$10m Optus SOC a standout as local security players partner, acquire for growth

Optus establishes cybersecurity foothold as industry races to tap cybersecurity spending

Australia’s information-security industry continues to change rapidly as winners – and losers – stake their claims on a series of partnerships and investments with local implications.

Optus Business led the headlines with the $10 million investment that led to this week’s opening of an Advanced Security Operations Centre (ASOC). The new facility, which is collocated with the company’s Network Management Centre and provides services including threat detection, threat intelligence, incident response and security device management, unites Optus with Macquarie University – addressing a systemic deficiency in business-research collaborations that Optus Business managing director John Patairidis flagged in a recent blog reinforcing the importance of innovation, agility, cyber skills, partnerships, and collaborations.

The new ASOC extends the reach of the services that Optus parent company Singtel added with its $850m acquisition of Trustwave, whose technology powers what Patairidis said was some 5 billion security events every day.

“These events will surge in the coming years as the next generation of intelligent devices come online,” he wrote. “We’re barely managing today’s threats; how are we going to keep our citizens and organisations safe amid this flood of data and capabilities? The short answer is that the cyber security solutions of today will not solve the cyber security issues of tomorrow.”

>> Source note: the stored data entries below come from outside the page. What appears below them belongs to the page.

lemma sum_coord1_False:
  "(\<Sum>i<2 * m. coord1 x1 (int i) False) = - 2 * coord2_sum x2 False - int m * x3"
proof -
  have "coord1 x1 (int i) False + coord1 x1 (int i + int m) False
      = - coord2 x2 (int i) False - coord2 x2 (int i + (-2)) False - x3" for i
    using eq1[of "int i" False] unfolding kernel_eq1_def by simp
  then have "(\<Sum>i<2 * m. coord1 x1 (int i) False)
      = (\<Sum>i<m. - coord2 x2 (int i) False - coord2 x2 (int i + (-2)) False - x3)"
    by (simp only: sum_lessThan_double[of "\<lambda>c. coord1 x1 c False"])
  also have "\<dots> = - coord2_sum x2 False - (\<Sum>i<m. coord2 x2 (int i + (-2)) False) - int m * x3"
    by (simp add: coord2_sum_def sum_subtractf sum_negf)
  also have "(\<Sum>i<m. coord2 x2 (int i + (-2)) False) = coord2_sum x2 False"
    unfolding coord2_sum_def by (rule sum_periodic_shift[of "\<lambda>c. coord2 x2 c False"]) simp
  finally show ?thesis by simp
qed

end

definition a_val :: "elt \<Rightarrow> int \<Rightarrow> int" where
  "a_val A c = A (l_coset D (el c False) (H_smt m))"

definition b_val :: "elt \<Rightarrow> bool \<Rightarrow> int" where
  "b_val B s = B (l_coset D (el 0 s) (H_s m))"

definition b_diff :: "elt \<Rightarrow> int" where
  "b_diff B = b_val B False - b_val B True"

definition a_sum :: "elt \<Rightarrow> int" where
  "a_sum A = (\<Sum>i<2 * m. a_val A (int i))"

text \<open>The image (A, B) of (x1, x2, x3) satisfies
  \<open>a_sum A + 2R(2R+1) b_diff B = 4R S - (2R+1) x3\<close> and
  \<open>b_val B False + 2R(R+1) b_diff B = (2R+1) S - (R+1) x3\<close>, where \<open>S = coord2_sum x2 False\<close>;
  this system has determinant 1, and \<open>S_inv\<close>, \<open>x3_inv\<close> are its solution.\<close>

definition S_inv :: "elt \<Rightarrow> elt \<Rightarrow> int" where
  "S_inv A B = (2 * R + 1) * (b_val B False + 2 * R * (R + 1) * b_diff B)
     - (R + 1) * (a_sum A + 2 * R * (2 * R + 1) * b_diff B)"

definition x3_inv :: "elt \<Rightarrow> elt \<Rightarrow> int" where
  "x3_inv A B = 4 * R * (b_val B False + 2 * R * (R + 1) * b_diff B)
     - (2 * R + 1) * (a_sum A + 2 * R * (2 * R + 1) * b_diff B)"

text \<open>\<open>T_inv A B c\<close> is \<open>w(c,0) + w(c-2,0)\<close> written in terms of the image (first kernel
  equation), and \<open>w0_inv\<close> solves \<open>w(c) + w(c-2) = T_inv A B c\<close> on Z/m: as m is odd,
  c, c-2, ..., c-2(m-1) runs once through Z/m and the alternating sum telescopes to 2 w(c).\<close>

definition T_inv :: "elt \<Rightarrow> elt \<Rightarrow> int \<Rightarrow> int" where
  "T_inv A B c = - (a_val A c + a_val A (c + int m)) - x3_inv A B + 2 * S_inv A B - 2 * R * b_diff B"
lemma collapsible_union_cone:
  assumes "collapsible (d - 1) L" "collapsible d D"
    and D: "\<forall>\<tau>\<in>D. v \<notin> \<tau>" and L: "\<forall>\<tau>\<in>L. v \<notin> \<tau>"
  shows "collapsible d (D \<union> insert v ` L)"
proof -
  have "(elementary_collapse d)\<^sup>*\<^sup>* (D \<union> insert v ` L) (D \<union> insert v ` M) \<and> M \<subseteq> L"
    if "(elementary_collapse (d - 1))\<^sup>*\<^sup>* L M" for M
    using that
  proof (induction rule: rtranclp_induct)
    case (step M M')
    then have "\<forall>\<tau>\<in>M. v \<notin> \<tau>"
      using L by blast
    from elementary_collapse_cone[OF D this step(2)] step elementary_collapse_subset[OF step(2)]
    show ?case
      by auto
  qed simp
  from this[of "{}"] assms(1,2) show ?thesis
    unfolding collapsible_def by auto
qed

section \<open>Graphs with loops\<close>

definition graph_with_loops :: "'a set \<Rightarrow> 'a set set \<Rightarrow> bool" where
  "graph_with_loops V E \<longleftrightarrow> finite V \<and> (\<forall>e\<in>E. e \<subseteq> V \<and> e \<noteq> {} \<and> card e \<le> 2)"

definition delete_vertex :: "'a \<Rightarrow> 'a set set \<Rightarrow> 'a set set" where
  "delete_vertex v E = {e \<in> E. v \<notin> e}"

text \<open>Removing v from every edge turns each edge \<open>{u, v}\<close> into the loop \<open>{u}\<close>, and a loop
at v into the empty edge.\<close>

definition contract_vertex :: "'a \<Rightarrow> 'a set set \<Rightarrow> 'a set set" where
  "contract_vertex v E = (\<lambda>e. e - {v}) ` E"

lemma graph_with_loops_delete_vertex:
  "graph_with_loops V E \<Longrightarrow> graph_with_loops (V - {v}) (delete_vertex v E)"
  by (auto simp: graph_with_loops_def delete_vertex_def)

lemma graph_with_loops_contract_vertex:
  assumes "graph_with_loops V E" "{v} \<notin> E"
  shows "graph_with_loops (V - {v}) (contract_vertex v E)"
proof -
  have "e - {v} \<subseteq> V - {v} \<and> e - {v} \<noteq> {} \<and> card (e - {v}) \<le> 2" if "e \<in> E" for e
  proof -
    have "e \<subseteq> V" "e \<noteq> {v}" "card e \<le> 2" "e \<noteq> {}"
      using that assms unfolding graph_with_loops_def by auto
    then show ?thesis
      using card_Diff1_le[of e v] by auto
  qed
  then show ?thesis
    using assms(1) unfolding graph_with_loops_def contract_vertex_def by auto
qed

lemma card_le_2_obtain_pair:
  assumes "finite e" "e \<noteq> {}" "card e \<le> 2"
  obtains a b where "e = {a, b}"
proof -
  have "card e = 1 \<or> card e = 2"
    using assms card_gt_0_iff[of e] by linarith
  then show ?thesis
    using that by (auto simp: card_1_singleton_iff card_2_iff)
qed

lemma edge_Diff_vertex_cases:
  assumes "finite e" "card e \<le> 2" "e - {v} = {u, w}"
  shows "e = {u, w} \<or> (u = w \<and> e = {u, v})"
proof (cases "v \<in> e")
  case True
  then have e: "e = insert v {u, w}" and "v \<notin> {u, w}"
    using assms(3) by blast+
  then have "u = w"
    using assms(1,2) by (auto simp: card_insert_if split: if_splits)
  with e show ?thesis
    by (simp add: insert_commute)
next
  case False
  then show ?thesis
    using assms(3) by simp
qed

lemma edge_not_subset_independent_set:
  assumes "graph_with_loops V E" "e \<in> E" "independent_set V E I"
  shows "\<not> e \<subseteq> I"
proof -
  have "finite e" "e \<noteq> {}" "card e \<le> 2"
    using assms(1,2) unfolding graph_with_loops_def by (auto intro: finite_subset)
  then obtain a b where "e = {a, b}"
    by (rule card_le_2_obtain_pair)
  with assms(2,3) show ?thesis
    unfolding independent_set_def adjacent_def by blast
qed

lemma non_cover_complex_no_edges: "non_cover_complex V {} = {}"
  by (simp add: non_cover_complex_def)

lemma non_cover_complex_empty_edge: "{} \<in> E \<Longrightarrow> non_cover_complex V E = Pow V"
  by (auto simp: non_cover_complex_def)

Recent Optus partnerships with security firms like FireEye, Palo Alto Networks, Check Point Software Technologies and Akamai reflect the company’s determination to round out its security offering. This year has also seen a raft of partnerships including a $10m joint venture with Macquarie University to establish a multi-disciplinary Cyber Security Hub, a partnership with Data61 on its Melbourne-based Cyber Security and Innovation Hub, and an $8m partnership with La Trobe University to work on developing industry-focused cybersecurity curriculum.

Optus is offering tours of the new ASOC in a move that it hopes will clearly position it front-of-mind with Australian businesses seeking partners who are able to offer better-integrated suites of managed security services. Yet Optus isn’t the only company bolstering its local security capabilities: Accenture this week closed its acquisition of Australian security innovator Redcore, a 130-strong consultancy that, local managing director Joshua Kennedy-White told CSO Australia at the time, it acquired in August to fill out its capabilities “across the entire security spectrum” and across the Asia-Pacific market thanks to Redcore’s established network of regional offices.

Those acquisitions – a strategy that some trace back to Deloitte’s 2013 buy of managed security services provider Vigilant – also embraced by Optus rival Telstra, which recently flagged the possibility of further cybersecurity investment – reflect growing business interest in an IT-service market that is expected to pick up pace in 2017.

Recent Gartner predictions suggested that Asia-Pacific IT-services spend – including managed security services off the type Optus and Accenture are building out – grew 2.6 percent over 2015 to be worth $US93.2b ($A120.7b) this year, and would grow a further 6 percent in 2017 to be worth $US98.8b ($A128b). Worldwide information-security spending is expected to grow at 7.9 percent to reach $US81.6b ($A105.7b) this year alone – continuing the healthy spending that has helped the Australian market stand out on the world stage for years.

Yet despite the industry investments in security capabilities, it wasn’t all good news: New Zealand-based analytics vendor Wynyard Group, which has long delivered its analytical tools to law-enforcement authorities and had been pushing hard to pivot the technology into the fast-growing threat-analysis market, was placed into voluntary administration in October and handed to administrators KordaMentha after the board declined to pursue further capital-raising or increased debt to keep the company running.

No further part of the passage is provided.